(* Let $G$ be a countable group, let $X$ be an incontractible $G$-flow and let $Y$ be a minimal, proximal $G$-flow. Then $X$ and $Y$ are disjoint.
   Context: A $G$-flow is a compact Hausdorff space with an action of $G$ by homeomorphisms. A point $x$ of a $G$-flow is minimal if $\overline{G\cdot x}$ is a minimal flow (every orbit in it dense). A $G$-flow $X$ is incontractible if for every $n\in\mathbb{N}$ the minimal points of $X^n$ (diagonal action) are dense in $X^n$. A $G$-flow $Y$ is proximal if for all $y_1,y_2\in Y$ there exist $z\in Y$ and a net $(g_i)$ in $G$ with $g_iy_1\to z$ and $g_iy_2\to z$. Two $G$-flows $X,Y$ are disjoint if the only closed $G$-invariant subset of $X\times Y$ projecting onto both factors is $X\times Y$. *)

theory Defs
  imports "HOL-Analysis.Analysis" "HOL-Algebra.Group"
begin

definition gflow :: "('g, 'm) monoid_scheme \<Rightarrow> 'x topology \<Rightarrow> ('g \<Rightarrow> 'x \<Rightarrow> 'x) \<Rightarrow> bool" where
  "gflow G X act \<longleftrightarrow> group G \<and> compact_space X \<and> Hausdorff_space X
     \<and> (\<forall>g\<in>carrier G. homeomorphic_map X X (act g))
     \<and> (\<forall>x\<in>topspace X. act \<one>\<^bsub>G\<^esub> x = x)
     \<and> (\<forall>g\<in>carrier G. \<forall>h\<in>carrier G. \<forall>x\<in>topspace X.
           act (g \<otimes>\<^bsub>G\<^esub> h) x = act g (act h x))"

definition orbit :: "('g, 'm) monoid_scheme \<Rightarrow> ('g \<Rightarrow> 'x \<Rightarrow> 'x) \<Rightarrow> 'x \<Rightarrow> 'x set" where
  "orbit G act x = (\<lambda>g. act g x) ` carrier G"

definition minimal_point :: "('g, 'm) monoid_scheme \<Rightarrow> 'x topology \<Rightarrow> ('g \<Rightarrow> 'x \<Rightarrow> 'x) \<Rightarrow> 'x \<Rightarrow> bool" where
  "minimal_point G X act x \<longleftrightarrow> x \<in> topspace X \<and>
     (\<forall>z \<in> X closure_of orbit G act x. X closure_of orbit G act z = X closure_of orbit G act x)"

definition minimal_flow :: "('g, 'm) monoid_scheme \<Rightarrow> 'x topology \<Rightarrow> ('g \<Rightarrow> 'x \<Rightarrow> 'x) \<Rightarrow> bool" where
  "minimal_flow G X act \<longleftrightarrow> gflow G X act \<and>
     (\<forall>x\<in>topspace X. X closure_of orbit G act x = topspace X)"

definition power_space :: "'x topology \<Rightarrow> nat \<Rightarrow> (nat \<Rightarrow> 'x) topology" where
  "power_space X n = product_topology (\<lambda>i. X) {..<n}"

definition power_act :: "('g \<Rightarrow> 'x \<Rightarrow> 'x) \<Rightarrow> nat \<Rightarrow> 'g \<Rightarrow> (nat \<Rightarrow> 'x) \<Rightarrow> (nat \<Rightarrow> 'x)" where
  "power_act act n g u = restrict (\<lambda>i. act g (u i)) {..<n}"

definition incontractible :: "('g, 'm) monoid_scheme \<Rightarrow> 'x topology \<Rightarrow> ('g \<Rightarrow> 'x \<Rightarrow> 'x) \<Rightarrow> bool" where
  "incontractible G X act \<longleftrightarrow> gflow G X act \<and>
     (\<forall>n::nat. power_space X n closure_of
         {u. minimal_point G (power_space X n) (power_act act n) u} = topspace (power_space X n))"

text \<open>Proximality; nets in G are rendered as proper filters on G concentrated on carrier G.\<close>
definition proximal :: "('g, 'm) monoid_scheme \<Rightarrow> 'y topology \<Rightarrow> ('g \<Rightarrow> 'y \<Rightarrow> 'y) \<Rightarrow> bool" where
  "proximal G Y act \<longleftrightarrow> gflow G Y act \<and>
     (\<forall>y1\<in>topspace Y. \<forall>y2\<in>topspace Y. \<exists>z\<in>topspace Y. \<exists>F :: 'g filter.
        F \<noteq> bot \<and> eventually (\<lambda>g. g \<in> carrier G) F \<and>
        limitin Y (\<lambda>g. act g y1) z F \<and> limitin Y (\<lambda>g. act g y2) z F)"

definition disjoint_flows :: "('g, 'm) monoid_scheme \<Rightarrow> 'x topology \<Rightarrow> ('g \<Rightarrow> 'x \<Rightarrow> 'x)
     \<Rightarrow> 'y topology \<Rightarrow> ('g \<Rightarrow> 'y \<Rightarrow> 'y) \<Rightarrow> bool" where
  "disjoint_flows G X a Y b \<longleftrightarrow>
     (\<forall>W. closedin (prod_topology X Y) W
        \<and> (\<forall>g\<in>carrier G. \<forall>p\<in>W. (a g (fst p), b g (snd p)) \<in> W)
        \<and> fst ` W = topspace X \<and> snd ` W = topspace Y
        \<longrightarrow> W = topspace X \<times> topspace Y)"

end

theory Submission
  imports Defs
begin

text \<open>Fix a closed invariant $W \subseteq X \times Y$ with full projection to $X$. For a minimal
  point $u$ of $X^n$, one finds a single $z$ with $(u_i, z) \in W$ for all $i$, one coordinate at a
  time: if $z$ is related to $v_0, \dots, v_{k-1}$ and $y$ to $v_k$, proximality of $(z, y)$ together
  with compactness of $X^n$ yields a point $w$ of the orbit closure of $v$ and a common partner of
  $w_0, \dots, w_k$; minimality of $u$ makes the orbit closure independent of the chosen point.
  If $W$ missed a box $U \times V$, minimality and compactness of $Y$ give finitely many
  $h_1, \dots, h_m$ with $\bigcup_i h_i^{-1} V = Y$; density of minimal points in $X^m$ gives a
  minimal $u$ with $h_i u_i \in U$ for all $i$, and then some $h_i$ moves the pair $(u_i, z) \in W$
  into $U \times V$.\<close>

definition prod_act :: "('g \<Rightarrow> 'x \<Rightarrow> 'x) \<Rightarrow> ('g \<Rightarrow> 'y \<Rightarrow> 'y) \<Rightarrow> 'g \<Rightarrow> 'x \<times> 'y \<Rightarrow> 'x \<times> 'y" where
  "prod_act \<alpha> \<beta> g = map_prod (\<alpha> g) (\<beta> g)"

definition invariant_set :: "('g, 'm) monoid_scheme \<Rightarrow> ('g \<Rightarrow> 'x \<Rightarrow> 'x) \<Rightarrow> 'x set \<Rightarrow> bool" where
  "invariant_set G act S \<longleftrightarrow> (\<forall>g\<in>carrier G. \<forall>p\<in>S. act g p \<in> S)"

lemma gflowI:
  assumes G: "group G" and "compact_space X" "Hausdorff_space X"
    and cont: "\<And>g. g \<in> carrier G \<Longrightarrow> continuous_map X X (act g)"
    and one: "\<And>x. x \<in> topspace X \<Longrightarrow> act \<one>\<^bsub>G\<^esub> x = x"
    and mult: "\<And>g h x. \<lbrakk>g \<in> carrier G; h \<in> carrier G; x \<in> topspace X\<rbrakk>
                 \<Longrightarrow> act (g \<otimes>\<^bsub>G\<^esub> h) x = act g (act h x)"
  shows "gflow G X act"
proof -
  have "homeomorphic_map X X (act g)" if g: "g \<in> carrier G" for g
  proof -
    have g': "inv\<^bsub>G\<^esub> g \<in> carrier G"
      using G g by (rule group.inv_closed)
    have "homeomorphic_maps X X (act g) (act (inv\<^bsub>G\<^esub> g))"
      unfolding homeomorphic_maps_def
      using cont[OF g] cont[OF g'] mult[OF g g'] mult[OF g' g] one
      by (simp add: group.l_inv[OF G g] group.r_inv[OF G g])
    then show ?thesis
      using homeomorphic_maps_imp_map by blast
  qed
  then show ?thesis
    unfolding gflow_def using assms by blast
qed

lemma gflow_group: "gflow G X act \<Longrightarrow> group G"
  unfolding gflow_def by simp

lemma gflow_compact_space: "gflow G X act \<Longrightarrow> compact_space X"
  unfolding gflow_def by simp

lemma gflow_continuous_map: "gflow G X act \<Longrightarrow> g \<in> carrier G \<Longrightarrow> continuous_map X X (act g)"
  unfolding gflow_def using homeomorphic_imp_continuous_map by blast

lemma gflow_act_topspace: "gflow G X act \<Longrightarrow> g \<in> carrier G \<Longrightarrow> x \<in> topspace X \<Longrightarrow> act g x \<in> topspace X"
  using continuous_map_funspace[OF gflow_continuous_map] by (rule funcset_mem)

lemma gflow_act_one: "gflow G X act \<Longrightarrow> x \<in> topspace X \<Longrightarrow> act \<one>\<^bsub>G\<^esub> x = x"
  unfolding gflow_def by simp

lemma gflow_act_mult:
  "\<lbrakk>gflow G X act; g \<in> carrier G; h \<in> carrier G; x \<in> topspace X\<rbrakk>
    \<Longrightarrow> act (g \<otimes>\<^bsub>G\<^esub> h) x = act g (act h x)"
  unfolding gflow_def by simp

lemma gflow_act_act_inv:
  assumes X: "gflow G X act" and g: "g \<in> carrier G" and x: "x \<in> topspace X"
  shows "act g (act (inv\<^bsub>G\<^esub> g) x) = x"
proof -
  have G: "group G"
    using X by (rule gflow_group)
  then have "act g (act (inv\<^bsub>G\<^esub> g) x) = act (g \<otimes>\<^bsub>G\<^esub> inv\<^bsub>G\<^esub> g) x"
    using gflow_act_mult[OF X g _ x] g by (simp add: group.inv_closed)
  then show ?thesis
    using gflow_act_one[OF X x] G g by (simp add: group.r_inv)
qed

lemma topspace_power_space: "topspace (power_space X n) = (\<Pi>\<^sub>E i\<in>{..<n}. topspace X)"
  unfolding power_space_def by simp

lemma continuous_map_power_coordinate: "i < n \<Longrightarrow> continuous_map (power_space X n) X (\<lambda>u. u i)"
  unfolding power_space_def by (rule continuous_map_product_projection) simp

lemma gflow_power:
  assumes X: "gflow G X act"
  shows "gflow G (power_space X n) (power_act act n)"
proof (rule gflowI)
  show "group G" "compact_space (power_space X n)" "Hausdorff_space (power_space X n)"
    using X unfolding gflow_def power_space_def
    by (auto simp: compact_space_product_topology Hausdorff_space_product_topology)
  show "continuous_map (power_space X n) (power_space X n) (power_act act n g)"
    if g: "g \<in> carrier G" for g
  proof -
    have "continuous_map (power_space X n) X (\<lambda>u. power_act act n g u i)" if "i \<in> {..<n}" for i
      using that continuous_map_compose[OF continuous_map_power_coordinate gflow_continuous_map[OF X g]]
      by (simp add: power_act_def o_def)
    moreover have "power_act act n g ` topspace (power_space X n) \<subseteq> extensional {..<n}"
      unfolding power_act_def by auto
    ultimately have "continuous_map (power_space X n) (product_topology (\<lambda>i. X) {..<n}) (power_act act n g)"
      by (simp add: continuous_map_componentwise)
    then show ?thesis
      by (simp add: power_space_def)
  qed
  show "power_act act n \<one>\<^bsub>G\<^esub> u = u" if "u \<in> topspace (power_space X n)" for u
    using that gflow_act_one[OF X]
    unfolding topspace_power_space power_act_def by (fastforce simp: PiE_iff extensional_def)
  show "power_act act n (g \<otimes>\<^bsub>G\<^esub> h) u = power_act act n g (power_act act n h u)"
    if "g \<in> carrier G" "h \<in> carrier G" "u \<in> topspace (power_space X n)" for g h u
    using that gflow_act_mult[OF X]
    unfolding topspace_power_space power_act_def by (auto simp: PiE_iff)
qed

EXERCISE REQUIREMENTS – Pull every line with the string "have" from the data above.

ANSWER FOR THE TASK –
  have "homeomorphic_map X X (act g)" if g: "g \<in> carrier G" for g
    have g': "inv\<^bsub>G\<^esub> g \<in> carrier G"
    have "homeomorphic_maps X X (act g) (act (inv\<^bsub>G\<^esub> g))"
  have G: "group G"
  then have "act g (act (inv\<^bsub>G\<^esub> g) x) = act (g \<otimes>\<^bsub>G\<^esub> inv\<^bsub>G\<^esub> g) x"
    have "continuous_map (power_space X n) X (\<lambda>u. power_act act n g u i)" if "i \<in> {..<n}" for i
    moreover have "power_act act n g ` topspace (power_space X n) \<subseteq> extensional {..<n}"
    ultimately have "continuous_map (power_space X n) (product_topology (\<lambda>i. X) {..<n}) (power_act act n g)"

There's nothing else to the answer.